An invisible illness
This condition has changed not only my life but that of my loved ones. How I approach both my home and work life has had to evolve so that I can have the best experience for me and my family.
I am lucky in many ways, I have an amazing support structure in my husband, parents, siblings and even my children who help me every day. However, I have missed opportunities and I have lost friends, grown distant from others. Having an invisible illness looks like someone having lots of excuses to cancel.
Believe me, I wish I could go to every social event, but I have to plan ahead and take each day as it comes.
This was tiredness on a new level
I had always been full of energy and bubbly, loved socialising and being out with family and friends. But over the course of a year, I had turned into someone with no energy or desire to do anything; not what my husband had married and very confusing for my children.
Weekends became sleeping all day and night and constantly fighting the feeling of pure exhaustion.
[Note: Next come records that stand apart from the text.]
lemma dotp_transp: "dotp d j (matvec d (mtransp Sig) w) = dotp d w (matvec d Sig j)"
proof -
  have "dotp d j (matvec d (mtransp Sig) w) = (\<Sum>s<d. \<Sum>t<d. j s * (Sig t s * w t))"
    unfolding dotp_def matvec_def mtransp_def by (simp add: sum_distrib_left)
  also have "\<dots> = (\<Sum>t<d. \<Sum>s<d. j s * (Sig t s * w t))" by (rule sum.swap)
  also have "\<dots> = dotp d w (matvec d Sig j)"
    unfolding dotp_def matvec_def by (intro sum.cong refl) (simp add: sum_distrib_left mult_ac)
  finally show ?thesis .
qed

lemma dotp_vred_cong: "int n dvd (dotp d j (vred n d w) - dotp d j w)"
proof -
  have "dotp d j (vred n d w) - dotp d j w = (\<Sum>s<d. j s * (cred n (w s) - w s))"
    unfolding dotp_def vred_def by (simp add: sum_subtractf right_diff_distrib)
  moreover have "int n dvd (\<Sum>s<d. j s * (cred n (w s) - w s))"
  proof (intro dvd_sum dvd_mult)
    fix s show "int n dvd (cred n (w s) - w s)" using cred_dvd[of n "w s"] by (simp add: dvd_diff_commute)
  qed
  ultimately show ?thesis by simp
qed

lemma dotp_diff: "dotp d k (\<lambda>s. A s - B s) = dotp d k A - dotp d k B"
  unfolding dotp_def by (simp add: sum_subtractf right_diff_distrib)

lemma dotp_add: "dotp d k (\<lambda>s. A s + B s) = dotp d k A + dotp d k B"
  unfolding dotp_def by (simp add: sum.distrib distrib_left)
lemma sum_confusion_mult:
  assumes z: "\<forall>i<n. z i < k"
  shows "(\<Sum>c<k. confusion n e z a c * X c) = (\<Sum>i\<in>community n e a. X (z i)) / real n"
proof -
  have conf: "confusion n e z a c = (\<Sum>i\<in>community n e a. of_bool (z i = c)) / real n" for c
    by (simp add: confusion_def community_def Int_def conj_assoc)
  have "(\<Sum>c<k. confusion n e z a c * X c)
      = (\<Sum>c<k. \<Sum>i\<in>community n e a. of_bool (z i = c) * X c) / real n"
    unfolding conf times_divide_eq_left sum_distrib_right sum_divide_distrib[symmetric] ..
  also have "\<dots> = (\<Sum>i\<in>community n e a. \<Sum>c<k. of_bool (z i = c) * X c) / real n"
    by (subst sum.swap) (rule refl)
  also have "\<dots> = (\<Sum>i\<in>community n e a. X (z i)) / real n"
    using z by (intro arg_cong[where f = "\<lambda>x. x / real n"] sum.cong) (auto simp: community_def)
  finally show ?thesis .
qed

text \<open>The conditional mean of \<open>o_ab n A e a b\<close> given the labels \<open>z\<close>, when the pair \<open>{i, j}\<close>
  is an edge with probability \<open>P (z i) (z j)\<close>.\<close>

definition expected_edges ::
  "(nat \<Rightarrow> nat \<Rightarrow> real) \<Rightarrow> nat \<Rightarrow> (nat \<Rightarrow> nat) \<Rightarrow> (nat \<Rightarrow> nat) \<Rightarrow> nat \<Rightarrow> nat \<Rightarrow> real" where
  "expected_edges P n z e a b = (\<Sum>p\<in>pairs n. pair_weight e a b p * P (z (fst p)) (z (snd p)))"

lemma expected_edges_eq_sum_communities:
  assumes z: "\<forall>i<n. z i < k" and P_sym: "\<forall>c<k. \<forall>d<k. P c d = P d c"
  shows "expected_edges P n z e a b
     = (\<Sum>i\<in>community n e a. \<Sum>j\<in>community n e b. P (z i) (z j))
       - of_bool (a = b) * (\<Sum>i\<in>community n e a. P (z i) (z i))"
proof -
  define f where "f i j = of_bool (e i = a) * (of_bool (e j = b) * P (z i) (z j))" for i j
  have "expected_edges P n z e a b = (\<Sum>(i, j)\<in>pairs n. f i j + f j i)"
    unfolding expected_edges_def
  proof (intro sum.cong refl)
    fix p assume "p \<in> pairs n"
    then obtain i j where "p = (i, j)" "i < n" "j < n"
      by (auto simp: pairs_def)
    then show "pair_weight e a b p * P (z (fst p)) (z (snd p)) = (case p of (i, j) \<Rightarrow> f i j + f j i)"
      using z P_sym by (simp add: pair_weight_def f_def of_bool_conj algebra_simps)
  qed
  also have "\<dots> = (\<Sum>i<n. \<Sum>j<n. f i j) - (\<Sum>i<n. f i i)"
    unfolding sum_square_eq_sum_pairs by simp
  also have "(\<Sum>i<n. \<Sum>j<n. f i j) = (\<Sum>i<n. of_bool (e i = a) * (\<Sum>j<n. of_bool (e j = b) * P (z i) (z j)))"
    unfolding f_def sum_distrib_left ..
  also have "\<dots> = (\<Sum>i\<in>community n e a. \<Sum>j\<in>community n e b. P (z i) (z j))"
    by (simp add: community_eq)
  also have "(\<Sum>i<n. f i i) = of_bool (a = b) * (\<Sum>i\<in>community n e a. P (z i) (z i))"
    by (cases "a = b") (simp_all add: f_def community_eq)
  finally show ?thesis .
qed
This was tiredness on a new level — I had zero energy, and it pained me to move or talk. This phase lasted about eight months, and then I began to feel a bit more normal. Sleep and rest were and are still a big part of my life but finally, I could manage to get through the day without needing to be asleep by 7 pm.
After dealing with the news, and talking with my husband and family, I felt in a good place until I thought of work and I was worried on how this would be received by those outside of my inner circle. What will people think? What will my colleagues and managers think and how will this impact my career?
Before my admission to hospital, I had hidden it all so well, playing it off as a bad viral infection. I certainly didn’t mention chronic autoimmune condition. I was afraid — afraid of the stigma and what might happen to my career plans.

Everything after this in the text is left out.